RECORDS PROVIDED
(* Let $d_1,d_2\ge1$. Consider the gate $\Gamma_C$ with vertices $v_{i,j}$ ($i\in[d_1]$, $j\in[d_2]$), each with signature $\mathtt{PASS}$ (incident edges ordered north, east, south, west), where $v_{i,j}$'s east edge is $v_{i,j+1}$'s west edge and $v_{i,j}$'s south edge is $v_{i+1,j}$'s north edge; its dangling edges form four groups $x_1=(x_{1,1},\dots,x_{1,d_1})$, $x_2=(x_{2,1},\dots,x_{2,d_2})$, $y_1\in\{0,1\}^{d_1}$, $y_2\in\{0,1\}^{d_2}$, where $x_{1,i}$ is the west edge of $v_{i,1}$, the east edge of $v_{i,d_2}$ is the $(d_1+1-i)$-th edge of $y_1$, $x_{2,j}$ is the north edge of $v_{1,j}$, and the south edge of $v_{d_1,j}$ is the $(d_2+1-j)$-th edge of $y_2$. Then $$\mathrm{Sig}(\Gamma_C)(x_1,x_2,y_1,y_2)=C(x_1,x_2,y_1,y_2):=(-1)^{\mathtt{ODD}(x_1)\mathtt{ODD}(x_2)}[y_1=x_1^{-1}][y_2=x_2^{-1}],$$ and the grid cap function $O(x_1,x_2,y_1,y_2):=[y_1=x_1^{-1}][y_2=x_2^{-1}]$ satisfies, for all arguments, $$O=\tfrac12\big(1+(-1)^{\mathtt{ODD}(x_1)}+(-1)^{\mathtt{ODD}(x_2)}-(-1)^{\mathtt{ODD}(x_1)+\mathtt{ODD}(x_2)}\big)\cdot C.$$
   Context: $\mathtt{PASS}(1111)=-1$, $\mathtt{PASS}(0000)=\mathtt{PASS}(0101)=\mathtt{PASS}(1010)=1$, $\mathtt{PASS}=0$ otherwise (bits ordered north, east, south, west). $\mathtt{ODD}(x)$ is the Hamming weight of $x$ mod $2$. For a string $x=x_1\cdots x_d$, $x^{-1}=x_d\cdots x_1$ is its reversal. $[\varphi]$ is $1$ if $\varphi$ holds and $0$ otherwise. The signature of a gate $\Gamma$ with dangling edge set $D$ is $\mathrm{Sig}(\Gamma,x)=\sum_{y\in\{0,1\}^{E(\Gamma)\setminus D}}w_\Gamma(xy)\prod_v f_v((xy)|_{I(v)})$, with $w_\Gamma(z)$ the product of the weights of active edges (here all weights are $1$). *)

theory Defs
  imports Main "HOL-Library.FuncSet" Complex_Main
begin

text \<open>Bits are booleans (True = 1). Signature PASS with arguments ordered north, east, south, west.\<close>
definition PASS :: "bool \<Rightarrow> bool \<Rightarrow> bool \<Rightarrow> bool \<Rightarrow> real" where
  "PASS n e s w =
     (if n \<and> e \<and> s \<and> w then -1
      else if (\<not>n \<and> \<not>e \<and> \<not>s \<and> \<not>w) \<or> (\<not>n \<and> e \<and> \<not>s \<and> w) \<or> (n \<and> \<not>e \<and> s \<and> \<not>w) then 1
      else 0)"

definition ODD :: "bool list \<Rightarrow> nat" where
  "ODD xs = length (filter id xs) mod 2"

definition iverson :: "bool \<Rightarrow> real" where
  "iverson P = (if P then 1 else 0)"

text \<open>Value of the horizontal edge between columns j and j+1 in row i (1 \<le> i \<le> d1, 0 \<le> j \<le> d2):
  column 0 side is the west dangling edge x1_i, column d2 side is the east dangling edge,
  which is the (d1+1-i)-th entry of y1; otherwise the internal edge variable H(i,j).\<close>
definition hor_edge :: "nat \<Rightarrow> nat \<Rightarrow> bool list \<Rightarrow> bool list \<Rightarrow> (nat \<times> nat \<Rightarrow> bool) \<Rightarrow> nat \<Rightarrow> nat \<Rightarrow> bool" where
  "hor_edge d1 d2 x1 y1 H i j =
     (if j = 0 then x1 ! (i - 1) else if j = d2 then y1 ! (d1 - i) else H (i, j))"

text \<open>Value of the vertical edge between rows i and i+1 in column j (0 \<le> i \<le> d1, 1 \<le> j \<le> d2).\<close>
definition ver_edge :: "nat \<Rightarrow> nat \<Rightarrow> bool list \<Rightarrow> bool list \<Rightarrow> (nat \<times> nat \<Rightarrow> bool) \<Rightarrow> nat \<Rightarrow> nat \<Rightarrow> bool" where
  "ver_edge d1 d2 x2 y2 V i j =
     (if i = 0 then x2 ! (j - 1) else if i = d1 then y2 ! (d2 - j) else V (i, j))"

definition Sig_grid :: "nat \<Rightarrow> nat \<Rightarrow> bool list \<Rightarrow> bool list \<Rightarrow> bool list \<Rightarrow> bool list \<Rightarrow> real" where
  "Sig_grid d1 d2 x1 x2 y1 y2 =
     (\<Sum>(H, V) \<in> (({1..d1} \<times> {1..<d2}) \<rightarrow>\<^sub>E (UNIV :: bool set)) \<times> (({1..<d1} \<times> {1..d2}) \<rightarrow>\<^sub>E (UNIV :: bool set)).
        \<Prod>(i, j) \<in> {1..d1} \<times> {1..d2}.
          PASS (ver_edge d1 d2 x2 y2 V (i - 1) j)
               (hor_edge d1 d2 x1 y1 H i j)
               (ver_edge d1 d2 x2 y2 V i j)
               (hor_edge d1 d2 x1 y1 H i (j - 1)))"

definition C_fun :: "bool list \<Rightarrow> bool list \<Rightarrow> bool list \<Rightarrow> bool list \<Rightarrow> real" where
  "C_fun x1 x2 y1 y2 = (-1) ^ (ODD x1 * ODD x2) * iverson (y1 = rev x1) * iverson (y2 = rev x2)"

definition O_fun :: "bool list \<Rightarrow> bool list \<Rightarrow> bool list \<Rightarrow> bool list \<Rightarrow> real" where
  "O_fun x1 x2 y1 y2 = iverson (y1 = rev x1) * iverson (y2 = rev x2)"

end

theory Submission
  imports Defs
begin

text \<open>A nonzero value of \<open>PASS\<close> forces every signal to pass straight through its vertex
  (north equals south, east equals west). Hence the only edge assignment of the grid with nonzero
  weight carries the \<open>i\<close>-th bit of \<open>x1\<close> along row \<open>i\<close> and the \<open>j\<close>-th bit of \<open>x2\<close> down column \<open>j\<close>;
  it meets the dangling edges exactly when \<open>y1 = rev x1\<close> and \<open>y2 = rev x2\<close>. Each vertex where
  two 1-signals cross contributes \<open>-1\<close>, so the weight is \<open>(-1)^(|x1| * |x2|)\<close>.\<close>

lemma PASS_nonzero_imp: "PASS n e s w \<noteq> 0 \<Longrightarrow> n = s \<and> e = w"
  by (auto simp: PASS_def split: if_splits)

lemma PASS_straight: "PASS v h v h = (if v \<and> h then -1 else 1)"
  by (auto simp: PASS_def)

lemma eq_zero_if_eq_pred:
  fixes f :: "nat \<Rightarrow> 'a"
  assumes "\<And>k. 1 \<le> k \<Longrightarrow> k \<le> d \<Longrightarrow> f k = f (k - 1)" and "j \<le> d"
  shows "f j = f 0"
  using assms(2)
proof (induction j)
  case (Suc j)
  then show ?case using assms(1)[of "Suc j"] by simp
qed simp

lemma prod_if_nth_eq_power_count:
  fixes a :: "'a :: comm_monoid_mult"
  shows "(\<Prod>k\<in>{1..length xs}. if xs ! (k - 1) then a else 1) = a ^ length (filter id xs)"
proof (induction xs rule: rev_induct)
  case (snoc x xs)
  have "(\<Prod>k\<in>{1..length xs}. if (xs @ [x]) ! (k - 1) then a else 1) =
        (\<Prod>k\<in>{1..length xs}. if xs ! (k - 1) then a else 1)"
    by (rule prod.cong) (auto simp: nth_append)
  then show ?case using snoc by (simp add: nth_append mult.commute)
qed simp

lemma ODD_cases: "ODD xs = 0 \<or> ODD xs = 1"
  by (auto simp: ODD_def)

lemma minus_one_power_count_mult:
  "(-1 :: real) ^ (length (filter id xs) * length (filter id ys)) = (-1) ^ (ODD xs * ODD ys)"
  by (simp add: ODD_def minus_one_power_iff)

definition grid_weight ::
  "nat \<Rightarrow> nat \<Rightarrow> bool list \<Rightarrow> bool list \<Rightarrow> bool list \<Rightarrow> bool list \<Rightarrow>
   (nat \<times> nat \<Rightarrow> bool) \<Rightarrow> (nat \<times> nat \<Rightarrow> bool) \<Rightarrow> real" where
  "grid_weight d1 d2 x1 x2 y1 y2 H V =
     (\<Prod>(i, j) \<in> {1..d1} \<times> {1..d2}.
        PASS (ver_edge d1 d2 x2 y2 V (i - 1) j) (hor_edge d1 d2 x1 y1 H i j)
             (ver_edge d1 d2 x2 y2 V i j) (hor_edge d1 d2 x1 y1 H i (j - 1)))"

definition straight_hor :: "nat \<Rightarrow> nat \<Rightarrow> bool list \<Rightarrow> nat \<times> nat \<Rightarrow> bool" where
  "straight_hor d1 d2 x1 = (\<lambda>(i, j)\<in>{1..d1} \<times> {1..<d2}. x1 ! (i - 1))"

definition straight_ver :: "nat \<Rightarrow> nat \<Rightarrow> bool list \<Rightarrow> nat \<times> nat \<Rightarrow> bool" where
  "straight_ver d1 d2 x2 = (\<lambda>(i, j)\<in>{1..<d1} \<times> {1..d2}. x2 ! (j - 1))"

lemma Sig_grid_eq_sum_grid_weight:
  "Sig_grid d1 d2 x1 x2 y1 y2 =
     (\<Sum>(H, V) \<in> (({1..d1} \<times> {1..<d2}) \<rightarrow>\<^sub>E UNIV) \<times> (({1..<d1} \<times> {1..d2}) \<rightarrow>\<^sub>E UNIV).
        grid_weight d1 d2 x1 x2 y1 y2 H V)"
  by (simp add: Sig_grid_def grid_weight_def)

lemma grid_weight_nonzero_edges:
  assumes "grid_weight d1 d2 x1 x2 y1 y2 H V \<noteq> 0"
  shows grid_weight_nonzero_hor_edge:
      "i \<in> {1..d1} \<Longrightarrow> j \<le> d2 \<Longrightarrow> hor_edge d1 d2 x1 y1 H i j = x1 ! (i - 1)"
    and grid_weight_nonzero_ver_edge:
      "j \<in> {1..d2} \<Longrightarrow> i \<le> d1 \<Longrightarrow> ver_edge d1 d2 x2 y2 V i j = x2 ! (j - 1)"
proof -
  have pass_through:
    "ver_edge d1 d2 x2 y2 V (i - 1) j = ver_edge d1 d2 x2 y2 V i j \<and>
     hor_edge d1 d2 x1 y1 H i j = hor_edge d1 d2 x1 y1 H i (j - 1)"
    if "i \<in> {1..d1}" "j \<in> {1..d2}" for i j
  proof -
    have "PASS (ver_edge d1 d2 x2 y2 V (i - 1) j) (hor_edge d1 d2 x1 y1 H i j)
               (ver_edge d1 d2 x2 y2 V i j) (hor_edge d1 d2 x1 y1 H i (j - 1)) \<noteq> 0"
      using assms that by (auto simp: grid_weight_def)
    then show ?thesis by (rule PASS_nonzero_imp)
  qed
  show "hor_edge d1 d2 x1 y1 H i j = x1 ! (i - 1)" if "i \<in> {1..d1}" "j \<le> d2"
  proof -
    have "hor_edge d1 d2 x1 y1 H i j = hor_edge d1 d2 x1 y1 H i 0"
      by (rule eq_zero_if_eq_pred[where d = d2]) (use pass_through that in auto)
    then show ?thesis by (simp add: hor_edge_def)
  qed
  show "ver_edge d1 d2 x2 y2 V i j = x2 ! (j - 1)" if "j \<in> {1..d2}" "i \<le> d1"
  proof -
    have "ver_edge d1 d2 x2 y2 V i j = ver_edge d1 d2 x2 y2 V 0 j"
      by (rule eq_zero_if_eq_pred[where d = d1]) (use pass_through that in auto)
    then show ?thesis by (simp add: ver_edge_def)
  qed
qed

lemma grid_weight_nonzero_imp:
  assumes "d1 \<ge> 1" "d2 \<ge> 1"
    and "length x1 = d1" "length y1 = d1" "length x2 = d2" "length y2 = d2"
    and H: "H \<in> ({1..d1} \<times> {1..<d2}) \<rightarrow>\<^sub>E UNIV" and V: "V \<in> ({1..<d1} \<times> {1..d2}) \<rightarrow>\<^sub>E UNIV"
    and nonzero: "grid_weight d1 d2 x1 x2 y1 y2 H V \<noteq> 0"
  shows "H = straight_hor d1 d2 x1 \<and> V = straight_ver d1 d2 x2 \<and> y1 = rev x1 \<and> y2 = rev x2"
proof (intro conjI)
  note hor = grid_weight_nonzero_hor_edge[OF nonzero]
  note ver = grid_weight_nonzero_ver_edge[OF nonzero]
  have "H = (\<lambda>p\<in>{1..d1} \<times> {1..<d2}. H p)" using H by simp
  also have "\<dots> = straight_hor d1 d2 x1"
    unfolding straight_hor_def
  proof (rule restrict_ext)
    fix p assume "p \<in> {1..d1} \<times> {1..<d2}"
    then show "H p = (case p of (i, j) \<Rightarrow> x1 ! (i - 1))"
      using hor[of "fst p" "snd p"] by (cases p) (simp add: hor_edge_def)
  qed
  finally show "H = straight_hor d1 d2 x1" .
  have "V = (\<lambda>p\<in>{1..<d1} \<times> {1..d2}. V p)" using V by simp
  also have "\<dots> = straight_ver d1 d2 x2"
    unfolding straight_ver_def
  proof (rule restrict_ext)
    fix p assume "p \<in> {1..<d1} \<times> {1..d2}"
    then show "V p = (case p of (i, j) \<Rightarrow> x2 ! (j - 1))"
      using ver[of "snd p" "fst p"] by (cases p) (simp add: ver_edge_def)
  qed
  finally show "V = straight_ver d1 d2 x2" .
  show "y1 = rev x1"
  proof (rule nth_equalityI)
    fix k assume "k < length y1"
    then show "y1 ! k = rev x1 ! k"
      using hor[of "d1 - k" d2] assms(1-4) by (simp add: hor_edge_def rev_nth)
  qed (simp add: assms)
  show "y2 = rev x2"
  proof (rule nth_equalityI)
    fix k assume "k < length y2"
    then show "y2 ! k = rev x2 ! k"
      using ver[of "d2 - k" d1] assms by (simp add: ver_edge_def rev_nth)
  qed (simp add: assms)
qed

lemma grid_weight_straight:
  assumes "length x1 = d1" "length x2 = d2" "y1 = rev x1" "y2 = rev x2"
  shows "grid_weight d1 d2 x1 x2 y1 y2 (straight_hor d1 d2 x1) (straight_ver d1 d2 x2) =
           (-1) ^ (ODD x1 * ODD x2)"
proof -
  have "grid_weight d1 d2 x1 x2 y1 y2 (straight_hor d1 d2 x1) (straight_ver d1 d2 x2) =
        (\<Prod>(i, j) \<in> {1..d1} \<times> {1..d2}. if x1 ! (i - 1) then if x2 ! (j - 1) then -1 else 1 else 1)"
    unfolding grid_weight_def
  proof (intro prod.cong refl, clarify)
    fix i j assume ij: "i \<in> {1..d1}" "j \<in> {1..d2}"
    have "hor_edge d1 d2 x1 y1 (straight_hor d1 d2 x1) i j = x1 ! (i - 1)"
      "hor_edge d1 d2 x1 y1 (straight_hor d1 d2 x1) i (j - 1) = x1 ! (i - 1)"
      "ver_edge d1 d2 x2 y2 (straight_ver d1 d2 x2) i j = x2 ! (j - 1)"
      "ver_edge d1 d2 x2 y2 (straight_ver d1 d2 x2) (i - 1) j = x2 ! (j - 1)"
      using ij assms by (auto simp: hor_edge_def ver_edge_def straight_hor_def straight_ver_def rev_nth)
    then show "PASS (ver_edge d1 d2 x2 y2 (straight_ver d1 d2 x2) (i - 1) j)
        (hor_edge d1 d2 x1 y1 (straight_hor d1 d2 x1) i j) (ver_edge d1 d2 x2 y2 (straight_ver d1 d2 x2) i j)
        (hor_edge d1 d2 x1 y1 (straight_hor d1 d2 x1) i (j - 1)) =
      (if x1 ! (i - 1) then if x2 ! (j - 1) then -1 else 1 else 1)"
      by (simp add: PASS_straight)
  qed
  also have "\<dots> = (\<Prod>i\<in>{1..d1}. \<Prod>j\<in>{1..d2}. if x1 ! (i - 1) then if x2 ! (j - 1) then -1 else 1 else 1)"
    by (rule prod.cartesian_product[symmetric])
  also have "\<dots> = (\<Prod>i\<in>{1..d1}. if x1 ! (i - 1) then (-1) ^ length (filter id x2) else 1)"
    using prod_if_nth_eq_power_count[of x2 "-1 :: real"] assms by (auto intro!: prod.cong)
  also have "\<dots> = (-1) ^ (length (filter id x2) * length (filter id x1))"
    using prod_if_nth_eq_power_count[of x1] assms by (simp add: power_mult)
  finally show ?thesis by (simp add: minus_one_power_count_mult mult.commute)
qed

lemma Sig_grid_eq_C_fun:
  assumes "d1 \<ge> 1" "d2 \<ge> 1"
    and "length x1 = d1" "length y1 = d1" "length x2 = d2" "length y2 = d2"
  shows "Sig_grid d1 d2 x1 x2 y1 y2 = C_fun x1 x2 y1 y2"
proof -
  define D where "D = (({1..d1} \<times> {1..<d2}) \<rightarrow>\<^sub>E (UNIV :: bool set)) \<times>
                      (({1..<d1} \<times> {1..d2}) \<rightarrow>\<^sub>E (UNIV :: bool set))"
  define S where "S = (straight_hor d1 d2 x1, straight_ver d1 d2 x2)"
  let ?w = "\<lambda>(H, V). grid_weight d1 d2 x1 x2 y1 y2 H V"
  have vanish: "?w p = 0" if "p \<in> D" "p \<noteq> S \<or> y1 \<noteq> rev x1 \<or> y2 \<noteq> rev x2" for p
    using that grid_weight_nonzero_imp[OF assms] by (auto simp: D_def S_def)
  show ?thesis
  proof (cases "y1 = rev x1 \<and> y2 = rev x2")
    case True
    have "S \<in> D" by (auto simp: D_def S_def straight_hor_def straight_ver_def)
    moreover have "finite D" by (auto simp: D_def intro!: finite_PiE)
    ultimately have "sum ?w D = ?w S"
      using vanish by (intro sum.mono_neutral_right[of D "{S}", simplified]) auto
    then show ?thesis
      using True assms grid_weight_straight[of x1 d1 x2 d2 y1 y2]
      by (simp add: Sig_grid_eq_sum_grid_weight D_def S_def C_fun_def iverson_def)
  next
    case False
    then have "sum ?w D = 0" using vanish by (intro sum.neutral) auto
    then show ?thesis
      using False by (simp add: Sig_grid_eq_sum_grid_weight D_def C_fun_def iverson_def)
  qed
qed

lemma O_fun_eq_parity_factor_C_fun:
  "O_fun a1 a2 b1 b2 =
     (1/2) * (1 + (-1) ^ ODD a1 + (-1) ^ ODD a2 - (-1) ^ (ODD a1 + ODD a2)) * C_fun a1 a2 b1 b2"
  using ODD_cases[of a1] ODD_cases[of a2] by (auto simp: O_fun_def C_fun_def iverson_def)

theorem mainTheorem9:
  fixes d1 d2 :: nat and x1 x2 y1 y2 :: "bool list"
  assumes "d1 \<ge> 1" and "d2 \<ge> 1"
    and "length x1 = d1" and "length y1 = d1" and "length x2 = d2" and "length y2 = d2"
  shows "Sig_grid d1 d2 x1 x2 y1 y2 = C_fun x1 x2 y1 y2 \<and>
    (\<forall>a1 a2 b1 b2. length a1 = d1 \<longrightarrow> length b1 = d1 \<longrightarrow> length a2 = d2 \<longrightarrow> length b2 = d2 \<longrightarrow>
       O_fun a1 a2 b1 b2 =
         (1/2) * (1 + (-1) ^ ODD a1 + (-1) ^ ODD a2 - (-1) ^ (ODD a1 + ODD a2)) * C_fun a1 a2 b1 b2)"
  using Sig_grid_eq_C_fun[OF assms] O_fun_eq_parity_factor_C_fun by blast

end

GOAL OF THE EXERCISE
If a line in the entries above contains the word "intro", copy it.

REPLY TO THE EXERCISE
proof (intro conjI)
  proof (intro prod.cong refl, clarify)
    using prod_if_nth_eq_power_count[of x2 "-1 :: real"] assms by (auto intro!: prod.cong)
    moreover have "finite D" by (auto simp: D_def intro!: finite_PiE)
      using vanish by (intro sum.mono_neutral_right[of D "{S}", simplified]) auto
    then have "sum ?w D = 0" using vanish by (intro sum.neutral) auto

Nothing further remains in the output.